Biden expresses help for the Amazon union vote in Alabama: “Let your voice be heard”

United States President Joe Biden holds a statement before signing an ordinance to remedy a global shortage of semiconductor chips in the State Dining Room of the White House in Washington on February 24, 2021.

Jonathan Ernst | Reuters

Without specifically naming Amazon, President Joe Biden on Sunday expressed support for a closely watched union vote in one of the Alabama retail giant’s warehouses, calling it “vital.”

“Today and for the next few days and weeks, workers in Alabama and across America are voting on whether to unionize in their workplace,” Biden said in a video posted on his Twitter page. “This is critically important – an extremely important decision as America grapples with the deadly pandemic, the economic crisis and the reckoning of the race. What it shows is the profound differences that still exist in our country.”

Representatives from Amazon did not immediately respond to a request for comment.

Earlier this month, nearly 6,000 employees at an Amazon facility in Bessemer, Alabama, emailed a vote to join the retail, wholesale, and department store union, initiating the company’s first major union effort since 2014. Staff at the Alabama facility informed the NLRB of their plans to vote on RWDSU representation.

Ballot papers were mailed to staff on February 8th and must be received by the National Labor Relations Board regional office by March 29th. The counting begins the following day.

The union effort in Alabama has proven to be a protracted labor dispute on Amazon. The company hired the same law firm it helped negotiate a failed union action in Delaware in 2014. Amazon has also clarified its position on the union campaign to workers at the Bessemer facility by holding mandatory meetings, setting up a website encouraging workers to “work free of charge,” and distributing brochures in which, according to a recent vice report directing workers to “vote NO” in the historic elections.

In addition, Amazon had tried to postpone the union elections and pushed for a personal election, which the NLRB denied.

In the video, Biden said it was “up to the workers, period” to decide whether to join a union.

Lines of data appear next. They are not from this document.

theorem multinomial_theorem:
  fixes t :: "nat \<Rightarrow> 'a::comm_semiring_1"
  shows "(\<Sum>j<N. t j) ^ n = (\<Sum>m\<in>comps N n. of_nat (multinomial n N m) * (\<Prod>j<N. t j ^ m j))"
proof (induction N arbitrary: n)
  case 0
  have "comps 0 n = (if n = 0 then {\<lambda>_. 0} else {})" by (auto simp: comps_def)
  then show ?case by (simp add: multinomial_def power_0_left)
next
  case (Suc N)
  let ?term = "\<lambda>k m. of_nat (n choose k) * of_nat (multinomial k N m) * (\<Prod>j<N. t j ^ m j) * t N ^ (n - k)"
  have "(\<Sum>j<Suc N. t j) ^ n = (\<Sum>k\<le>n. of_nat (n choose k) * (\<Sum>j<N. t j) ^ k * t N ^ (n - k))"
    by (simp add: binomial_ring)
  also have "\<dots> = (\<Sum>k\<le>n. \<Sum>m\<in>comps N k. ?term k m)"
    by (simp add: Suc sum_distrib_left sum_distrib_right mult.assoc)
  also have "\<dots> = (\<Sum>(k, m)\<in>Sigma {..n} (comps N). ?term k m)"
    by (rule sum.Sigma) (auto simp: finite_comps)
  also have "\<dots> = (\<Sum>m\<in>comps (Suc N) n. of_nat (multinomial n (Suc N) m) * (\<Prod>j<Suc N. t j ^ m j))"
  proof (rule sum.reindex_bij_witness[where i = "\<lambda>m. (n - m N, m(N := 0))" and j = "\<lambda>(k, m). m(N := n - k)"])
    fix km assume "km \<in> Sigma {..n} (comps N)"
    then obtain k m where km: "km = (k, m)" "k \<le> n" "\<forall>i\<ge>N. m i = 0" and ms: "(\<Sum>i<N. m i) = k"
      by (auto simp: comps_def)
    have "(\<Prod>j<N. t j ^ (m(N := n - k)) j) = (\<Prod>j<N. t j ^ m j)" by (rule prod.cong) auto
    then show "of_nat (multinomial n (Suc N) (case km of (k, m) \<Rightarrow> m(N := n - k))) *
          (\<Prod>j<Suc N. t j ^ (case km of (k, m) \<Rightarrow> m(N := n - k)) j) = (case km of (k, m) \<Rightarrow> ?term k m)"
      using km multinomial_Suc_fun_upd[OF ms km(2)] by (simp add: mult_ac)
    show "(case km of (k, m) \<Rightarrow> m(N := n - k)) \<in> comps (Suc N) n"
      using km ms by (auto simp: comps_def)
    show "(n - (case km of (k, m) \<Rightarrow> m(N := n - k)) N, (case km of (k, m) \<Rightarrow> m(N := n - k))(N := 0)) = km"
      using km by (auto simp: fun_eq_iff)
  next
    fix m assume "m \<in> comps (Suc N) n"
    then have m0: "\<forall>i\<ge>Suc N. m i = 0" and ms: "(\<Sum>i<N. m i) + m N = n" by (auto simp: comps_def)
    have "(\<Sum>i<N. (m(N := 0)) i) = (\<Sum>i<N. m i)" by (rule sum.cong) auto
    then show "(n - m N, m(N := 0)) \<in> Sigma {..n} (comps N)"
      using m0 ms by (auto simp: comps_def)
    show "(case (n - m N, m(N := 0)) of (k, m) \<Rightarrow> m(N := n - k)) = m"
      using ms by (auto simp: fun_eq_iff)
  qed
  finally show ?case .
qed
lemma wf_word_partner: "wf_word xs \<Longrightarrow> (c,k,s) \<in> set xs \<Longrightarrow> (c, opp k, s) \<in> set xs"
  unfolding wf_word_def by fast

lemma wf_word_crossing_ends:
  assumes wf: "wf_word xs" and "(c,k,s) \<in> set xs" and "l \<in> set xs" and "fst l = c"
  shows "l = (c,k,s) \<or> l = (c, opp k, s)"
proof -
  obtain k' t where l: "l = (c,k',t)" using assms(4) by (cases l) auto
  have inj: "inj_on end_key (set xs)" using wf unfolding wf_word_def by (simp add: distinct_map)
  have partner: "(c, opp k, s) \<in> set xs" using wf_word_partner[OF wf assms(2)] .
  have "k' = k \<or> k' = opp k" by (cases k; cases k') simp_all
  then show ?thesis
  proof
    assume "k' = k"
    then have "end_key l = end_key (c,k,s)" by (simp add: l)
    then show ?thesis using inj_onD[OF inj _ assms(3,2)] by simp
  next
    assume "k' = opp k"
    then have "end_key l = end_key (c, opp k, s)" by (simp add: l)
    then show ?thesis using inj_onD[OF inj _ assms(3) partner] by simp
  qed
qed

lemma wf_word_append:
  assumes "wf_word xs" and "wf_word ys" and disjoint: "fst ` set xs \<inter> fst ` set ys = {}"
  shows "wf_word (xs @ ys)"
proof -
  have "fst ` end_key ` set xs \<inter> fst ` end_key ` set ys = {}"
    using disjoint by (simp add: image_image)
  then have "set (map end_key xs) \<inter> set (map end_key ys) = {}" by auto
  with assms(1,2) show ?thesis unfolding wf_word_def by (simp add: distinct_append)
qed

lemma wf_word_filter:
  assumes wf: "wf_word xs"
  shows "wf_word (filter (\<lambda>l. fst l \<notin> C) xs)"
proof -
  have "distinct (map end_key (filter (\<lambda>l. fst l \<notin> C) xs))"
    using wf unfolding wf_word_def by (simp add: distinct_map_filter)
  moreover have "(c, opp k, s) \<in> set (filter (\<lambda>l. fst l \<notin> C) xs)"
    if "(c,k,s) \<in> set (filter (\<lambda>l. fst l \<notin> C) xs)" for c k s
    using that wf_word_partner[OF wf, of c k s] by simp
  ultimately show ?thesis unfolding wf_word_def by blast
qed

lemma wf_word_crossing_not_elsewhere:
  assumes "wf_word (x @ (c,k,s) # z @ (c, opp k, s) # y)"
  shows "c \<notin> fst ` set (x @ z @ y)"
proof
  assume "c \<in> fst ` set (x @ z @ y)"
  then obtain l where l: "l \<in> set (x @ z @ y)" "fst l = c" by blast
  then have "l = (c,k,s) \<or> l = (c, opp k, s)"
    by (intro wf_word_crossing_ends[OF assms]) auto
  then show False using wf_word_distinct[OF assms] l(1) by auto
qed

lemma filter_delete_crossing:
  assumes "wf_word (x @ (c,k,s) # z @ (c, opp k, s) # y)"
  shows "filter (\<lambda>l. fst l \<notin> {c}) (x @ (c,k,s) # z @ (c, opp k, s) # y) = x @ z @ y"
proof -
  have "\<forall>l \<in> set (x @ z @ y). fst l \<notin> {c}"
    using wf_word_crossing_not_elsewhere[OF assms] by auto
  then show ?thesis by simp
qed

lemma wf_word_delete_pair:
  "wf_word (x @ (c,k,s) # z @ (c, opp k, s) # y) \<Longrightarrow> wf_word (x @ z @ y)"
  by (metis wf_word_filter filter_delete_crossing)
(* Let $\Gamma(\mathbf z)=\sum_{\mathbf i\in\mathbb N^d} f_{\mathbf i}\mathbf z^{\mathbf i}$ be a power series with nonnegative coefficients whose domain of absolute convergence has nonempty interior $\mathscr D\subset\mathbb C^d$, with $\mathscr D\ne\mathbb C^d$. Let $\nu(S)=\sum_{\mathbf i\in S\cap\mathbb N^d} f_{\mathbf i}$ for $S\subset\mathbb R^d$. Assume condition (CG): there exist $a,b,c>0$ with $\nu(B_{\mathbf x+\mathbf y}(a))\ge c\,\nu(B_{\mathbf x}(b))\nu(B_{\mathbf y}(b))$ for all $\mathbf x,\mathbf y\in\mathbb R^d$, and assume $\sup_{\|\mathbf x\|=1}\psi_\Gamma(\mathbf x)<\infty$. Then for every $\mathbf x\in\mathbb R^d_{\ge0}$, $$\psi_\Gamma(\mathbf x)=\inf_{\mathbf z\in\partial\mathscr D}\Big(-\sum_{i=1}^d x_i\log|z_i|\Big).$$
   Context: $\|\cdot\|$ is the $\ell^1$ norm on $\mathbb R^d$, $B_{\mathbf x}(a)$ the ball of radius $a$ about $\mathbf x$ for this norm. The indicatrice $\psi_\Gamma$ is defined by: for an open cone $C\subset\mathbb R^d$, $\tau_C=\limsup_{R\to\infty}\frac1R\log\Big(\sum_{\mathbf i\in C\cap\mathbb N^d,\ R\le\|\mathbf i\|\le R+1} f_{\mathbf i}\Big)$ (with $\log0=-\infty$), and for $\mathbf x\ne0$, $\psi_\Gamma(\mathbf x)=\|\mathbf x\|\inf_{C\ni\mathbf x}\tau_C$ over open cones containing $\mathbf x$; $\psi_\Gamma(\mathbf 0)=0$. In the expression $-\sum x_i\log|z_i|$, a term with $z_i=0$ is $+\infty$ if $x_i>0$ and $0$ if $x_i=0$. *)

theory Defs
  imports "HOL-Analysis.Analysis"
begin
lemma gumm_operations_in_model:
  fixes ar :: "'f \<Rightarrow> nat" and A :: "('f, 'a) alg"
  assumes "wf_eqs ar \<Sigma>" "has_gumm_terms TYPE(('f, nat) trm) ar \<Sigma> n" "models ar \<Sigma> A"
  shows "\<exists>P J. gumm_operations ar A n P J"
proof -
  let ?holds = "holds_in TYPE(('f, nat) trm) ar \<Sigma>" and ?x = "Var 0 :: ('f, nat) trm"
    and ?y = "Var 1 :: ('f, nat) trm" and ?z = "Var 2 :: ('f, nat) trm"
  obtain p j where tp: "ternary_term ar p" and tj0: "\<forall>i\<in>{1..n+1}. ternary_term ar (j i)"
    and j_xyx: "\<forall>i\<in>{1..n+1}. ?holds ?x (tern (j i) ?x ?y ?x)"
    and p_xzz: "?holds ?x (tern p ?x ?z ?z)"
    and p_xxz: "?holds (tern p ?x ?x ?z) (tern (j 1) ?x ?x ?z)"
    and j_xzz: "\<forall>i. 1 \<le> i \<and> i \<le> n \<and> odd i \<longrightarrow> ?holds (tern (j i) ?x ?z ?z) (tern (j (i+1)) ?x ?z ?z)"
    and j_xxz: "\<forall>i. 1 \<le> i \<and> i \<le> n \<and> even i \<longrightarrow> ?holds (tern (j i) ?x ?x ?z) (tern (j (i+1)) ?x ?x ?z)"
    and j_last: "?holds (tern (j (n+1)) ?x ?y ?z) ?z"
    using assms(2) unfolding has_gumm_terms_def Let_def by blast
  have tj: "ternary_term ar (j i)" if "1 \<le> i" "i \<le> n+1" for i
    using tj0 that by simp
  have alg: "is_alg ar A" using assms(3) by (simp add: models_def)
  have holds: "eval A (assign3 a b c) s = eval A (assign3 a b c) t"
    if "?holds s t" "wf_trm ar s" "wf_trm ar t" "a \<in> carrier A" "b \<in> carrier A" "c \<in> carrier A" for s t a b c
    using holds_in_imp_satisfies[OF assms(1) that(1-3) assms(3)] that(4-6)
    by (simp add: satisfies_def assign3_in_carrier)
  have "gumm_operations ar A n (\<lambda>a b c. eval A (assign3 a b c) p)
      (\<lambda>i a b c. eval A (assign3 a b c) (j i))"
  proof unfold_locales
    show "(eval A (assign3 a b c) p, eval A (assign3 a' b' c') p) \<in> \<theta>"
      if "congruence ar A \<theta>" "(a, a') \<in> \<theta>" "(b, b') \<in> \<theta>" "(c, c') \<in> \<theta>" for \<theta> a a' b b' c c'
      using that tp unfolding ternary_term_def by (intro eval_assign3_congruence[OF alg]) auto
    show "(eval A (assign3 a b c) (j i), eval A (assign3 a' b' c') (j i)) \<in> \<theta>"
      if "1 \<le> i" "i \<le> n+1" "congruence ar A \<theta>" "(a, a') \<in> \<theta>" "(b, b') \<in> \<theta>" "(c, c') \<in> \<theta>"
      for i \<theta> a a' b b' c c'
      using that tj unfolding ternary_term_def by (intro eval_assign3_congruence[OF alg]) auto
  qed (use holds[OF j_xyx[rule_format]] holds[OF p_xzz] holds[OF p_xxz] holds[OF j_xzz[rule_format]]
      holds[OF j_xxz[rule_format]] holds[OF j_last]
    in \<open>simp_all add: eval_tern[OF tp] eval_tern[OF tj] wf_trm_tern tj tp assign3_def\<close>)
  then show ?thesis by blast
qed
(* Let $W$ be a binary MAC with 2 users, let $X[1],X[2]$ be i.i.d. uniform on $\mathbb{F}_2$ and let $Y$ be the output of $W$ on input $(X[1],X[2])$. Consider the triples $$I=\big(I(X[1];Y,X[2]),\,I(X[2];Y,X[1]),\,I(X[1],X[2];Y)\big),\qquad J=\big(I(X[1];Y),\,I(X[2];Y),\,I(X[1]+X[2];Y)\big).$$ If all entries of $I$ are integers, then all entries of $J$ lie in $\{0,1\}$ and $J$ is uniquely determined by $I$ (any two such MACs with the same integer triple $I$ have the same $J$). Conversely, if all entries of $J$ lie in $\{0,1\}$, then all entries of $I$ are integers and $I$ is uniquely determined by $J$.
   Context: A binary MAC with 2 users is a channel $W$ with input alphabet $\mathbb{F}_2^2$ and finite output alphabet. Mutual information is in bits; $X[1]+X[2]$ is addition in $\mathbb{F}_2$. *)

theory Defs
  imports Complex_Main
begin

text \<open>A binary MAC with 2 users: input alphabet F_2^2 (F_2 modelled by bool, with
addition in F_2 being exclusive or, i.e. a + b = (a \<noteq> b)), finite output alphabet 'y.
W x1 x2 y is the transition probability W(y | x1, x2).\<close>

definition is_binary_mac :: "(bool \<Rightarrow> bool \<Rightarrow> 'y::finite \<Rightarrow> real) \<Rightarrow> bool" where
  "is_binary_mac W \<longleftrightarrow> (\<forall>a b y. 0 \<le> W a b y) \<and> (\<forall>a b. (\<Sum>y\<in>UNIV. W a b y) = 1)"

He also discouraged employers from meddling in union elections.

“There should be no intimidation, coercion, threats, anti-union propaganda,” said Biden. “No manager should confront employees with their union preferences.

“You know, every worker should have a free and fair choice to join a union … no employer can immediately accept that. So let your voice be heard,” he added.

During the campaign, Biden promised to be “the most union-friendly president”. He also made worker empowerment a key principle on his work agenda.

In a statement, union president Stuart Applebaum thanked Biden for his support for the union action.

“As President Biden points out, the best way for working people to protect themselves and their families is to organize into unions,” Applebaum said in a statement. “And that’s why so many working women and men at the Amazon plant in Bessemer, Alabama, are fighting for a union.”